═════ Input data ═════
lemma GamA_incr:
  assumes "\<forall>m<a. \<alpha> m = 0" "a < 7"
  shows "Gam a (GamA \<alpha> f) = GamA (\<alpha>(a := Suc (\<alpha> a))) f"
proof -
  have split: "[0..<7] = [0..<a] @ a # [Suc a..<7]"
    using assms(2) upt_add_eq_append[of 0 a "7 - a"] by (simp add: upt_conv_Cons)
  let ?\<beta> = "\<alpha>(a := Suc (\<alpha> a))"
  have m: "map (\<lambda>k. replicate (\<alpha> k) k) [0..<a] = map (\<lambda>k. []) [0..<a]"
       "map (\<lambda>k. replicate (?\<beta> k) k) [0..<a] = map (\<lambda>k. []) [0..<a]"
       "map (\<lambda>k. replicate (?\<beta> k) k) [Suc a..<7] = map (\<lambda>k. replicate (\<alpha> k) k) [Suc a..<7]"
    using assms(1) by (auto intro!: map_cong)
  have nil: "concat (map (\<lambda>k. []) xs) = []" for xs :: "nat list"
    by (induction xs) auto
  have "Gam_word ?\<beta> = a # Gam_word \<alpha>"
    unfolding Gam_word_def split map_append list.map concat_append concat.simps m nil by simp
  then show ?thesis unfolding GamA_eq_foldr by simp
qed

lemma GamA_Suc_decompose:
  assumes "\<alpha> \<in> multi (Suc n)" "\<alpha> \<noteq> (\<lambda>_. 0)"
  obtains k \<alpha>' where "k < 7" "\<alpha>' \<in> multi n" "\<And>f. GamA \<alpha> f = Gam k (GamA \<alpha>' f)"
proof -
  obtain k \<alpha>' where "k < 7" "\<forall>m<k. \<alpha>' m = 0" "\<alpha>' \<in> multi n" "\<alpha> = \<alpha>'(k := Suc (\<alpha>' k))"
    using multi_Suc_decompose[OF assms] .
  with GamA_incr show ?thesis using that by metis
qed

lemma smooth3_foldr_Gam: "smooth3 f \<Longrightarrow> smooth3 (foldr Gam w f)"
  by (induction w) (simp_all add: smooth3_Gam)

lemma smooth3_GamA: "smooth3 f \<Longrightarrow> smooth3 (GamA \<alpha> f)"
  unfolding GamA_eq_foldr by (rule smooth3_foldr_Gam)

section \<open>Reordering products of vector fields\<close>

text \<open>On smooth functions \<open>T\<close> is a linear combination of the \<open>B x\<close> whose coefficients do not
  depend on the function; this is what makes all constants below uniform in \<open>\<psi>\<close>.\<close>
definition op_span :: "'i set \<Rightarrow> ('i \<Rightarrow> (pt \<Rightarrow> real) \<Rightarrow> pt \<Rightarrow> real) \<Rightarrow> ((pt \<Rightarrow> real) \<Rightarrow> pt \<Rightarrow> real) \<Rightarrow> bool"
  where "op_span A B T \<longleftrightarrow> (\<exists>c. \<forall>\<psi>. smooth3 \<psi> \<longrightarrow> T \<psi> = (\<lambda>p. \<Sum>x\<in>A. c x * B x \<psi> p))"

lemma op_span_basis:
  assumes "finite A" "x \<in> A"
  shows "op_span A B (B x)"
  unfolding op_span_def
proof (intro exI[of _ "\<lambda>y. if y = x then 1 else 0"] allI impI ext)
  fix \<psi> p
  have "(\<Sum>y\<in>A. (if y = x then 1 else 0) * B y \<psi> p) = (\<Sum>y\<in>A. if y = x then B x \<psi> p else 0)"
    by (rule sum.cong) auto
  then show "B x \<psi> p = (\<Sum>y\<in>A. (if y = x then 1 else 0) * B y \<psi> p)"
    using assms by simp
qed

lemma op_span_add:
  assumes "op_span A B T" "op_span A B U"
  shows "op_span A B (\<lambda>\<psi> p. T \<psi> p + U \<psi> p)"
proof -
  from assms obtain c d where "\<forall>\<psi>. smooth3 \<psi> \<longrightarrow> T \<psi> = (\<lambda>p. \<Sum>x\<in>A. c x * B x \<psi> p)"
    "\<forall>\<psi>. smooth3 \<psi> \<longrightarrow> U \<psi> = (\<lambda>p. \<Sum>x\<in>A. d x * B x \<psi> p)"
    unfolding op_span_def by blast
  then show ?thesis
    unfolding op_span_def
    by (intro exI[of _ "\<lambda>x. c x + d x"]) (simp add: sum.distrib distrib_right)
qed

lemma op_span_cmult:
  assumes "op_span A B T"
  shows "op_span A B (\<lambda>\<psi> p. \<sigma> * T \<psi> p)"
proof -
  from assms obtain c where "\<forall>\<psi>. smooth3 \<psi> \<longrightarrow> T \<psi> = (\<lambda>p. \<Sum>x\<in>A. c x * B x \<psi> p)"
    unfolding op_span_def by blast
  then show ?thesis
    unfolding op_span_def
    by (intro exI[of _ "\<lambda>x. \<sigma> * c x"]) (simp add: sum_distrib_left mult.assoc)
qed

lemma op_span_cong:
  assumes "op_span A B T" "\<And>\<psi>. smooth3 \<psi> \<Longrightarrow> T \<psi> = U \<psi>"
  shows "op_span A B U"
proof -
  obtain c where "\<And>\<psi>. smooth3 \<psi> \<Longrightarrow> T \<psi> = (\<lambda>p. \<Sum>x\<in>A. c x * B x \<psi> p)"
    using assms(1) unfolding op_span_def by blast
  then show ?thesis unfolding op_span_def using assms(2) by (intro exI[of _ c]) simp
qed

lemma op_span_subst:
  assumes "op_span A B T" "\<And>\<psi>. smooth3 \<psi> \<Longrightarrow> smooth3 (S \<psi>)"
  shows "op_span A (\<lambda>x \<psi>. B x (S \<psi>)) (\<lambda>\<psi>. T (S \<psi>))"
proof -
  obtain c where "\<And>\<psi>. smooth3 \<psi> \<Longrightarrow> T \<psi> = (\<lambda>p. \<Sum>x\<in>A. c x * B x \<psi> p)"
    using assms(1) unfolding op_span_def by blast
  then show ?thesis unfolding op_span_def using assms(2) by (intro exI[of _ c]) simp
qed

lemma op_span_compose:
  assumes T: "op_span A B T"
    and D: "\<And>\<psi> c. smooth3 \<psi> \<Longrightarrow> D (\<lambda>q. \<Sum>x\<in>A. c x * B x \<psi> q) = (\<lambda>q. \<Sum>x\<in>A. c x * D (B x \<psi>) q)"
    and DB: "\<And>x. x \<in> A \<Longrightarrow> op_span A' B' (\<lambda>\<psi>. D (B x \<psi>))"
  shows "op_span A' B' (\<lambda>\<psi>. D (T \<psi>))"
proof -
  obtain c where c: "\<And>\<psi>. smooth3 \<psi> \<Longrightarrow> T \<psi> = (\<lambda>p. \<Sum>x\<in>A. c x * B x \<psi> p)"
    using T unfolding op_span_def by blast
  have "\<forall>x\<in>A. \<exists>d. \<forall>\<psi>. smooth3 \<psi> \<longrightarrow> D (B x \<psi>) = (\<lambda>p. \<Sum>y\<in>A'. d y * B' y \<psi> p)"
    using DB unfolding op_span_def by blast
  then obtain d where "\<forall>x\<in>A. \<forall>\<psi>. smooth3 \<psi> \<longrightarrow> D (B x \<psi>) = (\<lambda>p. \<Sum>y\<in>A'. d x y * B' y \<psi> p)"
    by (rule bchoice[THEN exE])
  then have d: "\<And>x \<psi>. x \<in> A \<Longrightarrow> smooth3 \<psi> \<Longrightarrow> D (B x \<psi>) = (\<lambda>p. \<Sum>y\<in>A'. d x y * B' y \<psi> p)"
    by blast
  have "D (T \<psi>) = (\<lambda>p. \<Sum>y\<in>A'. (\<Sum>x\<in>A. c x * d x y) * B' y \<psi> p)" if "smooth3 \<psi>" for \<psi>
  proof
    fix p
    have "D (T \<psi>) p = (\<Sum>x\<in>A. c x * (\<Sum>y\<in>A'. d x y * B' y \<psi> p))"
      using that by (simp add: c D d)
    also have "\<dots> = (\<Sum>y\<in>A'. (\<Sum>x\<in>A. c x * d x y) * B' y \<psi> p)"
      by (simp add: sum_distrib_left sum_distrib_right mult.assoc sum.swap[of _ A])
    finally show "D (T \<psi>) p = (\<Sum>y\<in>A'. (\<Sum>x\<in>A. c x * d x y) * B' y \<psi> p)" .
  qed
  then show ?thesis unfolding op_span_def by (intro exI[of _ "\<lambda>y. \<Sum>x\<in>A. c x * d x y"]) simp
qed

lemma op_span_trans:
  assumes "op_span A B T" "\<And>x. x \<in> A \<Longrightarrow> op_span A' B' (B x)"
  shows "op_span A' B' T"
proof -
  have "op_span A' B' (\<lambda>\<psi>. (\<lambda>f. f) (T \<psi>))"
    by (rule op_span_compose[OF assms(1)]) (simp_all add: assms(2))
  then show ?thesis by simp
qed

lemma op_span_compose_Gam:
  assumes "op_span A B T" "finite A" "\<And>x \<psi>. x \<in> A \<Longrightarrow> smooth3 \<psi> \<Longrightarrow> smooth3 (B x \<psi>)"
    and "\<And>x. x \<in> A \<Longrightarrow> op_span A' B' (\<lambda>\<psi>. Gam k (B x \<psi>))"
  shows "op_span A' B' (\<lambda>\<psi>. Gam k (T \<psi>))"
proof (rule op_span_compose[OF assms(1)])
  show "Gam k (\<lambda>q. \<Sum>x\<in>A. c x * B x \<psi> q) = (\<lambda>q. \<Sum>x\<in>A. c x * Gam k (B x \<psi>) q)"
    if "smooth3 \<psi>" for \<psi> c
    using that assms(2,3) by (intro Gam_sum) auto
qed (rule assms(4))

lemma op_span_reindex:
  assumes "op_span A (\<lambda>x. B (h x)) T" "finite A'" "h ` A \<subseteq> A'"
  shows "op_span A' B T"
proof (rule op_span_trans[OF assms(1)])
  show "op_span A' B (B (h x))" if "x \<in> A" for x
    using that assms(2,3) by (intro op_span_basis) auto
qed

lemma op_span_mono:
  assumes "op_span A B T" "finite A'" "A \<subseteq> A'"
  shows "op_span A' B T"
  using op_span_reindex[where h = id] assms by simp

lemma op_span_bound:
  assumes "op_span A B T" "finite A"
  shows "\<exists>K\<ge>0. \<forall>\<psi> p. smooth3 \<psi> \<longrightarrow> \<bar>T \<psi> p\<bar> \<le> K * (\<Sum>x\<in>A. \<bar>B x \<psi> p\<bar>)"
proof -
  obtain c where c: "\<And>\<psi>. smooth3 \<psi> \<Longrightarrow> T \<psi> = (\<lambda>p. \<Sum>x\<in>A. c x * B x \<psi> p)"
    using assms(1) unfolding op_span_def by blast
  have "\<bar>T \<psi> p\<bar> \<le> (\<Sum>x\<in>A. \<bar>c x\<bar>) * (\<Sum>x\<in>A. \<bar>B x \<psi> p\<bar>)" if "smooth3 \<psi>" for \<psi> p
  proof -
    have "\<bar>T \<psi> p\<bar> \<le> (\<Sum>x\<in>A. \<bar>c x\<bar> * \<bar>B x \<psi> p\<bar>)"
      using c[OF that] sum_abs[of "\<lambda>x. c x * B x \<psi> p" A] by (simp add: abs_mult)
    also have "\<dots> \<le> (\<Sum>x\<in>A. \<Sum>y\<in>A. \<bar>c y\<bar> * \<bar>B x \<psi> p\<bar>)"
    proof (rule sum_mono)
      fix x assume "x \<in> A"
      then show "\<bar>c x\<bar> * \<bar>B x \<psi> p\<bar> \<le> (\<Sum>y\<in>A. \<bar>c y\<bar> * \<bar>B x \<psi> p\<bar>)"
        using assms(2) by (auto intro: member_le_sum)
    qed
    also have "\<dots> = (\<Sum>y\<in>A. \<bar>c y\<bar>) * (\<Sum>x\<in>A. \<bar>B x \<psi> p\<bar>)"
      unfolding sum_product by (rule sum.swap)
    finally show ?thesis .
  qed
  then show ?thesis by (intro exI[of _ "\<Sum>x\<in>A. \<bar>c x\<bar>"]) (simp add: sum_nonneg)
qed

definition pos_multi :: "nat \<Rightarrow> (nat \<Rightarrow> nat) set" where
  "pos_multi n = {\<alpha> \<in> multi n. \<alpha> \<noteq> (\<lambda>_. 0)}"

lemma finite_pos_multi: "finite (pos_multi n)"
  unfolding pos_multi_def using finite_multi by simp

lemma pos_multi_mono: "n \<le> m \<Longrightarrow> pos_multi n \<subseteq> pos_multi m"
  unfolding pos_multi_def using multi_mono by blast

lemma Gam_GamA_span_sorted:
  assumes "a < 7" "\<alpha> \<in> multi n" "\<forall>m<a. \<alpha> m = 0"
  shows "op_span (pos_multi (Suc n)) GamA (\<lambda>\<psi>. Gam a (GamA \<alpha> \<psi>))"
proof -
  have "\<alpha>(a := Suc (\<alpha> a)) \<in> pos_multi (Suc n)"
    using multi_incr[OF assms(2,1)] by (auto simp: pos_multi_def fun_eq_iff)
  then have "op_span (pos_multi (Suc n)) GamA (GamA (\<alpha>(a := Suc (\<alpha> a))))"
    by (rule op_span_basis[OF finite_pos_multi])
  then show ?thesis by (simp add: GamA_incr[OF assms(3,1)])
qed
═════
Exercise goal:
Line count for the string "swap": work it out from the records above and reply with the number alone.

Response to the exercise:
2